Mobilisation réussie, plus de 200 manifestant·es jeudi Place de la Comédie à Montpellier pour dénoncer l’effondrement du secteur de l’Action Sociale orchestré par les pouvoirs publics. Les syndicats CGT Action Sociale, CGT Adages, les Unions Locales CGT, Sud Santé Sociaux et Révolution Permanente étaient présents.
L’intersyndicale apporte son soutien technique, financier, communication au mouvement. C’est une réelle chaîne de solidarité qui s’organise autour de ces salariés qui luttent pour ne pas perdre leur emploi. Les heures des associations sont comptées. Un drame social et humanitaire est à craindre pour leur public vulnérable. Les annonces de fermeture tombent les unes après les autres. C’est une quarantaine de salariés qui risquent de se retrouver sur le carreau et des centaines de personnes qui ne seraient plus accompagnées.

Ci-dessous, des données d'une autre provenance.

lemma bipartite_on_iff_colouring:
  fixes V :: "'a set" and R :: "'a \<Rightarrow> 'a \<Rightarrow> bool"
  shows "bipartite_on V R \<longleftrightarrow> (\<exists>c :: 'a \<Rightarrow> bool. \<forall>u\<in>V. \<forall>v\<in>V. R u v \<longrightarrow> c u \<noteq> c v)"
proof
  assume "bipartite_on V R"
  then obtain A where "\<forall>u\<in>V. \<forall>v\<in>V. R u v \<longrightarrow> (u \<in> A \<longleftrightarrow> v \<notin> A)"
    unfolding bipartite_on_def by blast
  then show "\<exists>c :: 'a \<Rightarrow> bool. \<forall>u\<in>V. \<forall>v\<in>V. R u v \<longrightarrow> c u \<noteq> c v"
    by (intro exI[of _ "\<lambda>u. u \<in> A"]) blast
next
  assume "\<exists>c :: 'a \<Rightarrow> bool. \<forall>u\<in>V. \<forall>v\<in>V. R u v \<longrightarrow> c u \<noteq> c v"
  then obtain c :: "'a \<Rightarrow> bool" where "\<forall>u\<in>V. \<forall>v\<in>V. R u v \<longrightarrow> c u \<noteq> c v" by blast
  then show "bipartite_on V R" unfolding bipartite_on_def
    by (intro exI[of _ "{u \<in> V. c u}"]) auto
qed

lemma bipartite_on_mono:
  assumes "bipartite_on V R" and "\<And>u v. u \<in> V \<Longrightarrow> v \<in> V \<Longrightarrow> S u v \<Longrightarrow> R u v"
  shows "bipartite_on V S"
proof -
  obtain c :: "'a \<Rightarrow> bool" where "\<forall>u\<in>V. \<forall>v\<in>V. R u v \<longrightarrow> c u \<noteq> c v"
    using assms(1) unfolding bipartite_on_iff_colouring by blast
  then have "\<forall>u\<in>V. \<forall>v\<in>V. S u v \<longrightarrow> c u \<noteq> c v" using assms(2) by blast
  then show ?thesis unfolding bipartite_on_iff_colouring by blast
qed

lemma bypass_end_colour:
  fixes c :: "'a \<Rightarrow> bool"
  assumes m: "matching_on V R" and ab: "a \<in> V" "b \<in> V"
    and c: "\<forall>u\<in>V - {a, b}. \<forall>v\<in>V - {a, b}. bypass R a b u v \<longrightarrow> c u \<noteq> c v"
  shows "\<exists>p. (\<forall>v\<in>V - {a, b}. R a v \<longrightarrow> c v \<noteq> p) \<and> (\<forall>v\<in>V - {a, b}. R b v \<longrightarrow> c v = p)"
proof -
  let ?W = "V - {a, b}"
  have partner_unique: "v = w" if "x \<in> V" "v \<in> ?W" "w \<in> ?W" "R x v" "R x w" for x v w
    using matching_onD(3)[OF m] that by blast
  show ?thesis
  proof (cases "\<exists>a'\<in>?W. R a a'")
    case True
    then obtain a' where a': "a' \<in> ?W" "R a a'" by blast
    have "c v = (\<not> c a')" if v: "v \<in> ?W" "R b v" for v
    proof -
      have "R a' a" "R v b" using matching_onD(1)[OF m] a' v ab by blast+
      then have "bypass R a b a' v" unfolding bypass_def by blast
      then show ?thesis using c a' v by blast
    qed
    moreover have "v = a'" if "v \<in> ?W" "R a v" for v
      using partner_unique[OF ab(1) that(1) a'(1) that(2) a'(2)] .
    ultimately show ?thesis by (intro exI[of _ "\<not> c a'"]) auto
  next
    case no_a': False
    show ?thesis
    proof (cases "\<exists>b'\<in>?W. R b b'")
      case True
      then obtain b' where b': "b' \<in> ?W" "R b b'" by blast
      have "v = b'" if "v \<in> ?W" "R b v" for v
        using partner_unique[OF ab(2) that(1) b'(1) that(2) b'(2)] .
      then show ?thesis using no_a' by (intro exI[of _ "c b'"]) auto
    qed (use no_a' in blast)
  qed
qed

lemma bipartite_on_union_bypass:
  assumes m1: "matching_on V R1" and m2: "matching_on V R2"
    and ab: "a \<in> V" "b \<in> V" "R2 a b"
    and bip: "bipartite_on (V - {a, b}) (\<lambda>u v. bypass R1 a b u v \<or> R2 u v)"
  shows "bipartite_on V (\<lambda>u v. R1 u v \<or> R2 u v)"
proof -
  let ?W = "V - {a, b}"
  have sym: "R1 v u \<or> R2 v u" "u \<noteq> v" if "u \<in> V" "v \<in> V" "R1 u v \<or> R2 u v" for u v
    using matching_onD(1,2)[OF m1] matching_onD(1,2)[OF m2] that by blast+
  have no_R2: "\<not> R2 u v" if "u = a \<or> u = b" "v \<in> ?W" for u v
    using matching_onD(3)[OF m2 ab] matching_onD(3)[OF m2 ab(2,1) matching_onD(1)[OF m2 ab]] that
    by blast
  obtain c' :: "'a \<Rightarrow> bool"
    where c': "\<forall>u\<in>?W. \<forall>v\<in>?W. bypass R1 a b u v \<or> R2 u v \<longrightarrow> c' u \<noteq> c' v"
    using bip unfolding bipartite_on_iff_colouring by blast
  then have "\<forall>u\<in>?W. \<forall>v\<in>?W. bypass R1 a b u v \<longrightarrow> c' u \<noteq> c' v" by blast
  then obtain p where p_a: "\<forall>v\<in>?W. R1 a v \<longrightarrow> c' v \<noteq> p"
    and p_b: "\<forall>v\<in>?W. R1 b v \<longrightarrow> c' v = p"
    using bypass_end_colour[OF m1 ab(1,2)] by blast
  define c where "c = c'(a := p, b := \<not> p)"
  have "a \<noteq> b" using sym(2)[of a b] ab by blast
  then have c_ab: "c a = p" "c b = (\<not> p)" and c_W: "\<And>u. u \<in> ?W \<Longrightarrow> c u = c' u"
    unfolding c_def by auto
  have at_ends: "c u \<noteq> c v" if u: "u = a \<or> u = b" and v: "v \<in> V" "R1 u v \<or> R2 u v" for u v
  proof (cases "v \<in> ?W")
    case True
    then have "R1 u v" using v(2) no_R2[OF u] by blast
    then show ?thesis using u p_a p_b c_ab c_W[OF True] True by auto
  next
    case False
    then have "v = a \<or> v = b" using v(1) by blast
    moreover have "u \<noteq> v" using sym(2) u v ab by blast
    ultimately show ?thesis using u c_ab by auto
  qed
  have "\<forall>u\<in>V. \<forall>v\<in>V. R1 u v \<or> R2 u v \<longrightarrow> c u \<noteq> c v"
  proof (intro ballI impI)
    fix u v assume uv: "u \<in> V" "v \<in> V" "R1 u v \<or> R2 u v"
    consider "u \<in> ?W" "v \<in> ?W" | "u = a \<or> u = b" | "v = a \<or> v = b" using uv(1,2) by blast
    then show "c u \<noteq> c v"
    proof cases
      case 1
      then show ?thesis using c' uv(3) c_W unfolding bypass_def by auto
    next
      case 2
      then show ?thesis using at_ends uv(2,3) by blast
    next
      case 3
      then have "c v \<noteq> c u" using at_ends uv(1) sym(1)[OF uv] by blast
      then show ?thesis by simp
    qed
  qed
  then show ?thesis unfolding bipartite_on_iff_colouring by blast
qed

theorem bipartite_on_union_of_matchings:
  assumes "finite V" and "matching_on V R1" and "matching_on V R2"
  shows "bipartite_on V (\<lambda>u v. R1 u v \<or> R2 u v)"
  using assms
proof (induction "card V" arbitrary: V R1 R2 rule: less_induct)
  case less
  show ?case
  proof (cases "\<exists>a\<in>V. \<exists>b\<in>V. R1 a b \<or> R2 a b")
    case False
    then show ?thesis unfolding bipartite_on_def by blast
  next
    case True
    then obtain a b where ab: "a \<in> V" "b \<in> V" "R1 a b \<or> R2 a b" by blast
    have "a \<noteq> b" using ab matching_onD(2)[OF less.prems(2)] matching_onD(2)[OF less.prems(3)] by blast
    have smaller: "card (V - {a, b}) < card V"
      using less.prems(1) ab by (metis Diff_insert2 card_Diff2_less)
    have bypass_bip: "bipartite_on (V - {a, b}) (\<lambda>u v. bypass S a b u v \<or> T u v)"
      if "matching_on V S" "matching_on V T" for S T
      by (rule less.hyps[OF smaller finite_Diff[OF less.prems(1)]
            matching_on_bypass[OF that(1) ab(1,2) \<open>a \<noteq> b\<close>] matching_on_subset[OF that(2) Diff_subset]])
    show ?thesis
    proof (cases "R2 a b")
      case True
      show ?thesis
        by (rule bipartite_on_union_bypass[OF less.prems(2,3) ab(1,2) True bypass_bip[OF less.prems(2,3)]])
    next
      case False
      then have "R1 a b" using ab by blast
      then have "bipartite_on V (\<lambda>u v. R2 u v \<or> R1 u v)"
        by (rule bipartite_on_union_bypass[OF less.prems(3,2) ab(1,2) _ bypass_bip[OF less.prems(3,2)]])
      then show ?thesis by (simp add: disj_commute)
    qed
  qed
qed

section \<open>Components of maximum degree two\<close>

lemma joins_commute: "joins ends e u v \<longleftrightarrow> joins ends e v u"
  unfolding joins_def by auto

lemma adj_commute: "adj ends F u v \<longleftrightarrow> adj ends F v u"
  unfolding adj_def using joins_commute by metis

lemma inc_iff_joins: "inc ends e v \<longleftrightarrow> (\<exists>t. joins ends e v t)"
  unfolding inc_def joins_def by (cases "ends e") auto

lemma in_comp_self: "v \<in> comp ends F v"
  unfolding comp_def by simp

lemma comp_eq:
  assumes "u \<in> comp ends F v"
  shows "comp ends F u = comp ends F v"
proof -
  have "(adj ends F)\<^sup>*\<^sup>* v u" using assms unfolding comp_def by simp
  moreover have "(adj ends F)\<^sup>*\<^sup>* u v"
    using rtranclp_converseI[OF calculation] adj_commute[of ends F]
    by (simp add: conversep_iff[abs_def])
  ultimately show ?thesis unfolding comp_def by (auto intro: rtranclp_trans)
qed

lemma finite_deg_pos:
  assumes "finite F"
  shows "finite {u. 0 < deg ends F u}"
proof (rule finite_subset)
  show "{u. 0 < deg ends F u} \<subseteq> fst ` ends ` F \<union> snd ` ends ` F"
    unfolding deg_def inc_def by (force simp: card_gt_0_iff)
qed (use assms in simp)

lemma deg_Diff_edge:
  assumes "finite F" "e0 \<in> F"
  shows "deg ends (F - {e0}) u = deg ends F u - (if inc ends e0 u then 1 else 0)"
proof -
  have "{e \<in> F - {e0}. inc ends e u} = {e \<in> F. inc ends e u} - {e0}" by auto
  then show ?thesis unfolding deg_def using assms by (simp add: card_Diff_singleton_if)
qed

lemma comp_isolated:
  assumes "finite F" "deg ends F w = 0"
  shows "comp ends F w = {w}"
proof -
  have no_edge: "\<not> adj ends F w t" for t
    using assms inc_iff_joins unfolding deg_def adj_def by fastforce
  have "(adj ends F)\<^sup>*\<^sup>* w u \<Longrightarrow> u = w" for u
    by (induction rule: rtranclp_induct) (use no_edge in auto)
  then show ?thesis unfolding comp_def by auto
qed

lemma comp_subset_remove_leaf_edge:
  assumes leaf: "{e \<in> F. inc ends e x} = {e0}" and e0: "joins ends e0 x w"
  shows "comp ends F x \<subseteq> insert x (comp ends (F - {e0}) w)"
proof
  fix u assume "u \<in> comp ends F x"
  then have "(adj ends F)\<^sup>*\<^sup>* x u" unfolding comp_def by simp
  then show "u \<in> insert x (comp ends (F - {e0}) w)"
  proof (induction rule: rtranclp_induct)
    case base
    then show ?case by simp
  next
    case (step b c)
    obtain e where e: "e \<in> F" "joins ends e b c" using step.hyps(2) unfolding adj_def by blast
    have ends_e0: "joins ends e0 s t \<Longrightarrow> (s = x \<and> t = w) \<or> (s = w \<and> t = x)" for s t
      using e0 unfolding joins_def by auto
    show ?case
    proof (cases "b = x")
      case True
      then have "e \<in> {e \<in> F. inc ends e x}" using e inc_iff_joins[of ends e x] by blast
      then have "e = e0" using leaf by blast
      then have "c = x \<or> c = w" using ends_e0[of b c] e(2) True by auto
      then show ?thesis unfolding comp_def by auto
    next
      case False
      show ?thesis
      proof (cases "c = x")
        case False
        then have "e \<noteq> e0" using ends_e0[of b c] e(2) \<open>b \<noteq> x\<close> by auto
        then have "adj ends (F - {e0}) b c" unfolding adj_def using e by blast
        moreover have "(adj ends (F - {e0}))\<^sup>*\<^sup>* w b" using step.IH \<open>b \<noteq> x\<close> unfolding comp_def by simp
        ultimately show ?thesis unfolding comp_def by (simp add: rtranclp.rtrancl_into_rtrancl)
      qed simp
    qed
  qed
qed

lemma inc_iff_ends: "joins ends e x w \<Longrightarrow> inc ends e u \<longleftrightarrow> u = x \<or> u = w"
  unfolding joins_def inc_def by auto

lemma card_comp_leaves_remove_leaf_edge:
  assumes fin: "finite F" and leaf: "{e \<in> F. inc ends e x} = {e0}" and e0: "joins ends e0 x w"
    and x: "x \<in> comp ends F v" and w: "deg ends F w = 2"
  shows "card {u \<in> comp ends F v. deg ends F u = 1}
    \<le> card {u \<in> comp ends (F - {e0}) w. deg ends (F - {e0}) u = 1}"
    (is "card ?L \<le> card ?L'")
proof -
  have "e0 \<in> F" using leaf by auto
  have deg_F': "deg ends (F - {e0}) u = deg ends F u - (if u = x \<or> u = w then 1 else 0)" for u
    by (simp add: deg_Diff_edge[OF fin \<open>e0 \<in> F\<close>] inc_iff_ends[OF e0])
  have comp_x: "comp ends F v \<subseteq> insert x (comp ends (F - {e0}) w)"
    using comp_eq[OF x] comp_subset_remove_leaf_edge[OF leaf e0] by simp
  have "w \<in> ?L'" using w deg_F'[of w] in_comp_self[of w ends "F - {e0}"] by simp
  have "finite ?L'" using finite_deg_pos[of "F - {e0}" ends] fin by (auto elim: finite_subset[rotated])
  have "?L \<subseteq> insert x (?L' - {w})"
  proof
    fix u assume u: "u \<in> ?L"
    show "u \<in> insert x (?L' - {w})"
    proof (cases "u = x")
      case False
      have "u \<noteq> w" using u w by auto
      then show ?thesis using u False deg_F'[of u] comp_x by auto
    qed simp
  qed
  then have "card ?L \<le> card (insert x (?L' - {w}))"
    using \<open>finite ?L'\<close> by (intro card_mono) auto
  also have "\<dots> \<le> Suc (card (?L' - {w}))" using \<open>finite ?L'\<close> by (simp add: card_insert_if)
  also have "\<dots> = card ?L'" using \<open>finite ?L'\<close> \<open>w \<in> ?L'\<close> by (rule card_Suc_Diff1)
  finally show ?thesis .
qed

lemma card_comp_leaves_le_2:
  assumes "finite F" "\<forall>u. deg ends F u \<le> 2"
  shows "card {u \<in> comp ends F v. deg ends F u = 1} \<le> 2"
  using assms
proof (induction "card F" arbitrary: F v rule: less_induct)
  case less
  let ?L = "{u \<in> comp ends F v. deg ends F u = 1}"
  show ?case
  proof (cases "?L = {}")
    case False
    then obtain x where x: "x \<in> comp ends F v" "deg ends F x = 1" by blast
    obtain e0 where leaf: "{e \<in> F. inc ends e x} = {e0}"
      using x(2) card_1_singletonE[of "{e \<in> F. inc ends e x}"] unfolding deg_def by auto
    then have "e0 \<in> F" "inc ends e0 x" by auto
    then obtain w where e0: "joins ends e0 x w" using inc_iff_joins[of ends e0 x] by blast
    have deg_F': "deg ends (F - {e0}) u = deg ends F u - (if u = x \<or> u = w then 1 else 0)" for u
      by (simp add: deg_Diff_edge[OF less.prems(1) \<open>e0 \<in> F\<close>] inc_iff_ends[OF e0])
    have "e0 \<in> {e \<in> F. inc ends e w}" using \<open>e0 \<in> F\<close> inc_iff_ends[OF e0] by simp
    then have "deg ends F w \<noteq> 0" unfolding deg_def using less.prems(1) by (auto simp: card_eq_0_iff)
    then consider "deg ends F w = 1" | "deg ends F w = 2"
      using less.prems(2) by (metis One_nat_def Suc_1 le_SucE le_zero_eq)
    then show ?thesis
    proof cases
      case 1
      then have "comp ends (F - {e0}) w = {w}"
        using less.prems(1) by (intro comp_isolated) (simp_all add: deg_F')
      then have "?L \<subseteq> {x, w}" using comp_eq[OF x(1)] comp_subset_remove_leaf_edge[OF leaf e0] by auto
      then have "card ?L \<le> card {x, w}" by (simp add: card_mono)
      also have "\<dots> \<le> 2" by (simp add: card_insert_le_m1)
      finally show ?thesis .
    next
      case 2
      have "card {u \<in> comp ends (F - {e0}) w. deg ends (F - {e0}) u = 1} \<le> 2"
      proof (rule less.hyps)
        show "card (F - {e0}) < card F" using less.prems(1) \<open>e0 \<in> F\<close> by (rule card_Diff1_less)
        show "\<forall>u. deg ends (F - {e0}) u \<le> 2" using less.prems(2) deg_F' by (metis diff_le_self order_trans)
      qed (use less.prems(1) in simp)
      then show ?thesis
        using card_comp_leaves_remove_leaf_edge[OF less.prems(1) leaf e0 x(1) 2] by linarith
    qed
  qed (metis card.empty zero_le)
qed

Pourtant les déclarations du Conseil Départemental se voulaient rassurantes et inclusives :« la solidarité est une compétence essentielle. Le département est soucieux de toutes ces personnes en difficulté, il ne cesse de batailler pour leur apporter un mieux vivre » lâche Sylvie Pradel, vice-présidente en charge de l’insertion et de l’économie solidaire. Si le département a du mal à joindre les deux bouts, la métropole, elle, se porte bien d’après Michaël Delafosse. Le 24 juin, jour des comptes administratifs 2024, le Maire se félicite d’une « utilisation des budgets à bon escient ». Le tableau moins glorieux que dépeint Alenka Doulain, élue d’opposition du groupe Mupes (Montpellier union populaire écologique et sociale) semble prendre tout son sens dans le constat d’abandon du secteur social par les pouvoirs publics. Elle dénonce une politique élitiste de la métropole excluant les quartiers populaires.